RECORDED INFORMATION:
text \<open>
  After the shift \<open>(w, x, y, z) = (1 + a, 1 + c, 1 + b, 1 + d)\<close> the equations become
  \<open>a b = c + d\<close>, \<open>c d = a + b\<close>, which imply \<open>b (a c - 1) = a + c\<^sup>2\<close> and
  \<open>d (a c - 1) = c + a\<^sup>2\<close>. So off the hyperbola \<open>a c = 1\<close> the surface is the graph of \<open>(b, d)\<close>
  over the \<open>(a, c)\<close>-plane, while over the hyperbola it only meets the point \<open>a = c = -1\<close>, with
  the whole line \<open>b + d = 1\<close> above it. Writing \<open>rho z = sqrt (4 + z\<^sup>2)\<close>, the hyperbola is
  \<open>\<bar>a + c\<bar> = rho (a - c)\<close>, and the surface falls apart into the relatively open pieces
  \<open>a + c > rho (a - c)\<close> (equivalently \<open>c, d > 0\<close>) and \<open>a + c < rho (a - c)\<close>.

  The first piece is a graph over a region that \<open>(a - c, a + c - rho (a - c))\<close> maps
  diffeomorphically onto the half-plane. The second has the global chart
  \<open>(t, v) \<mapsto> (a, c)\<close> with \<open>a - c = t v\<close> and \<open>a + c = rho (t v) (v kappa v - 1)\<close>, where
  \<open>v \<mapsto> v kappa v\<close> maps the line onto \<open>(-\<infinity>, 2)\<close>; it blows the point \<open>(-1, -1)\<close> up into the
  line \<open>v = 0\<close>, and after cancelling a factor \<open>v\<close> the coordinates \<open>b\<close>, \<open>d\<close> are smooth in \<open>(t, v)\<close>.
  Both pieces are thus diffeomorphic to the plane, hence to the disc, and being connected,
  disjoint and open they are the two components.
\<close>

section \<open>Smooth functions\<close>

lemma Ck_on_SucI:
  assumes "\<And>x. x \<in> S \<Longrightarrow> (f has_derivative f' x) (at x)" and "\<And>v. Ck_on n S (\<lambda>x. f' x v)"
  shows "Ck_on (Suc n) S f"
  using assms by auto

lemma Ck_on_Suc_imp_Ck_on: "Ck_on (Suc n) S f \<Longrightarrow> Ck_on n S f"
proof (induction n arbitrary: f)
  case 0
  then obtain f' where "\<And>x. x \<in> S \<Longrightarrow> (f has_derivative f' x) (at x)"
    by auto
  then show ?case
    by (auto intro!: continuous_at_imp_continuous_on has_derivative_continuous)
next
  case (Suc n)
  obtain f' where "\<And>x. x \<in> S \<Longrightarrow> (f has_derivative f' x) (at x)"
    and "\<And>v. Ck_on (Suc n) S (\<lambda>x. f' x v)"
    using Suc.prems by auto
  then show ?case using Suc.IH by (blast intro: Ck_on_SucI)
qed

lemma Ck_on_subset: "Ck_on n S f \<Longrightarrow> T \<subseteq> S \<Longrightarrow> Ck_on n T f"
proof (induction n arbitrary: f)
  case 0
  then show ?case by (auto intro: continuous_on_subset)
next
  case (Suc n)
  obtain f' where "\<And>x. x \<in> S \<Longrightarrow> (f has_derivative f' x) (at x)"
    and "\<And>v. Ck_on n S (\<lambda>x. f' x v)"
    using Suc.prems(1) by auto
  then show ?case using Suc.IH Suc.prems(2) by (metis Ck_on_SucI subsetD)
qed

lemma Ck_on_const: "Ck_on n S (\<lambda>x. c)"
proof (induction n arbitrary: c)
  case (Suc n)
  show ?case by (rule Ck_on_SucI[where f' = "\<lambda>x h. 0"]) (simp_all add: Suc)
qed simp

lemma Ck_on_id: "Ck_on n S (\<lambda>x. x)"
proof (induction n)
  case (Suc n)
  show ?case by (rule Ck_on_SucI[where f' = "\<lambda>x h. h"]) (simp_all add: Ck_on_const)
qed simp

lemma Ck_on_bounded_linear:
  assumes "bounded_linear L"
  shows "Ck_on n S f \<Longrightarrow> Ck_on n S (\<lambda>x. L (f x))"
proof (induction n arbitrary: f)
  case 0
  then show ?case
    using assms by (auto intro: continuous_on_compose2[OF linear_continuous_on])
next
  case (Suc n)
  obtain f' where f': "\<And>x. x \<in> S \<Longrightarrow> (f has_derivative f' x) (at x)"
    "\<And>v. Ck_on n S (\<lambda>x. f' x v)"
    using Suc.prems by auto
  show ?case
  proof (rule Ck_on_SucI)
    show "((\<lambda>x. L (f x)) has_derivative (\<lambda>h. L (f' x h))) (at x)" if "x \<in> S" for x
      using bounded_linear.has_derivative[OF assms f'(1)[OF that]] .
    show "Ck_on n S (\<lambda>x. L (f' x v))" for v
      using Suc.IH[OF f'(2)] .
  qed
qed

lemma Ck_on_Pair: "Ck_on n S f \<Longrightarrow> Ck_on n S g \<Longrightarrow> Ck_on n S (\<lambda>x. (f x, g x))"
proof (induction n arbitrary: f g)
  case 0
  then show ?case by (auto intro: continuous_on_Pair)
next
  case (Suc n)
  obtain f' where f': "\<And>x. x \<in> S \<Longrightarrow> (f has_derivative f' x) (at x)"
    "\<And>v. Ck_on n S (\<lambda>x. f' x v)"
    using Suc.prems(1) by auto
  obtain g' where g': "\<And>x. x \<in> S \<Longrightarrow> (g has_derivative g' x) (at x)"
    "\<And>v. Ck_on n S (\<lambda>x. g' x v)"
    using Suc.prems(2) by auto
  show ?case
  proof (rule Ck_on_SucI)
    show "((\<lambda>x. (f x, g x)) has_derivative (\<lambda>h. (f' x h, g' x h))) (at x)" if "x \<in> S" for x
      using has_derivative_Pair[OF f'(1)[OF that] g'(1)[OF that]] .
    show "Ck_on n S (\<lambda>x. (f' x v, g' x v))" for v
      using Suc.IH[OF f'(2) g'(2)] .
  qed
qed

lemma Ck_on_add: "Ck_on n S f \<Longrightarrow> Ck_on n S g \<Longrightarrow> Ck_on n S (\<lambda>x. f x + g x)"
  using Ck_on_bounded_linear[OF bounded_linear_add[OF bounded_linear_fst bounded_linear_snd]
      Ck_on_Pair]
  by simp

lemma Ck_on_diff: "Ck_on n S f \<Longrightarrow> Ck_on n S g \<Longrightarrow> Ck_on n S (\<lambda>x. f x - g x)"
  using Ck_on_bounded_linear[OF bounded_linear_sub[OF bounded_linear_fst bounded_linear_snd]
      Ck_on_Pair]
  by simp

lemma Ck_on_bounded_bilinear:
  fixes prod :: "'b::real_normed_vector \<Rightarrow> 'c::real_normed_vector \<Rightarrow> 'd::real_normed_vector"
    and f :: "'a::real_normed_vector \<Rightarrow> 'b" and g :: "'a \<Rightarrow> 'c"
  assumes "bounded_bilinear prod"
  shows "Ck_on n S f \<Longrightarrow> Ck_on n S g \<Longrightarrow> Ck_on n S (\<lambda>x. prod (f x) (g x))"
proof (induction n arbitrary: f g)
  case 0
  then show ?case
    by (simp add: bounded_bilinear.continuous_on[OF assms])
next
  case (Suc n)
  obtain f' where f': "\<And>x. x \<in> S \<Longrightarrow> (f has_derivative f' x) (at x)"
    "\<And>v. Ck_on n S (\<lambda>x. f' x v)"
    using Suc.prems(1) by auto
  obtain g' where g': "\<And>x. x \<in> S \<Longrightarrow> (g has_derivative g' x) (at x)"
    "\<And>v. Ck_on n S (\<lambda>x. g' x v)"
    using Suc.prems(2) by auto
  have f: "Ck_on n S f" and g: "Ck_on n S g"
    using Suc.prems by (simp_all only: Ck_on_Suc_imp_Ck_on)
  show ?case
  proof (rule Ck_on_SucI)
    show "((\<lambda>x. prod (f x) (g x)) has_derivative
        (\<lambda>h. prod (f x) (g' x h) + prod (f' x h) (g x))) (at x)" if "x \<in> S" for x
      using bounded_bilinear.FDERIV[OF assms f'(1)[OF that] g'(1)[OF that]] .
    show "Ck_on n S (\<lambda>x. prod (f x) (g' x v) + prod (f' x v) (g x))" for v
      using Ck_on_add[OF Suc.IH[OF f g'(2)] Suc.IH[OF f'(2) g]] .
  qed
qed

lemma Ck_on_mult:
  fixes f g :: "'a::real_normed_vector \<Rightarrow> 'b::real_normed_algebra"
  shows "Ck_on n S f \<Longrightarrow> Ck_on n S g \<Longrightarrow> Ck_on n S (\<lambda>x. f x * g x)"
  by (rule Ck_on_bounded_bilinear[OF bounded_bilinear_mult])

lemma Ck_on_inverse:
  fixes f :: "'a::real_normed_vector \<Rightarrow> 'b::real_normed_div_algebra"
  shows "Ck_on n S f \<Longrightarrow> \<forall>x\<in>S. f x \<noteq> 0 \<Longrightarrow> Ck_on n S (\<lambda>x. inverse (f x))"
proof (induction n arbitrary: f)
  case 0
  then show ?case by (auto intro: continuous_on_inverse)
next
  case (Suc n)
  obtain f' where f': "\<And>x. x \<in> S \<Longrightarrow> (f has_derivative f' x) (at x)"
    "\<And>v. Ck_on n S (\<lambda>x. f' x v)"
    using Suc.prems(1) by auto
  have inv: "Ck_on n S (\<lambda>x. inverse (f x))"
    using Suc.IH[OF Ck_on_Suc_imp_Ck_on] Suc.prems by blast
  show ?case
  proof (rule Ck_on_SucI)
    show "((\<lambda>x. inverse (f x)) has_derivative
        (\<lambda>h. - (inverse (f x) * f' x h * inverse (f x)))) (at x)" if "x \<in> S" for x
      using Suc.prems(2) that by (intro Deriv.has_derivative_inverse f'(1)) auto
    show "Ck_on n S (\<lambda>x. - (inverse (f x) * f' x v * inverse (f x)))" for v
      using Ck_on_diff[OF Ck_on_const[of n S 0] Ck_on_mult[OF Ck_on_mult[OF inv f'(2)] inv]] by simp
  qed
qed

EXERCISE OBJECTIVE: Find the lines above that contain "have" and report their number, without comment.

TASK OUTPUT: 2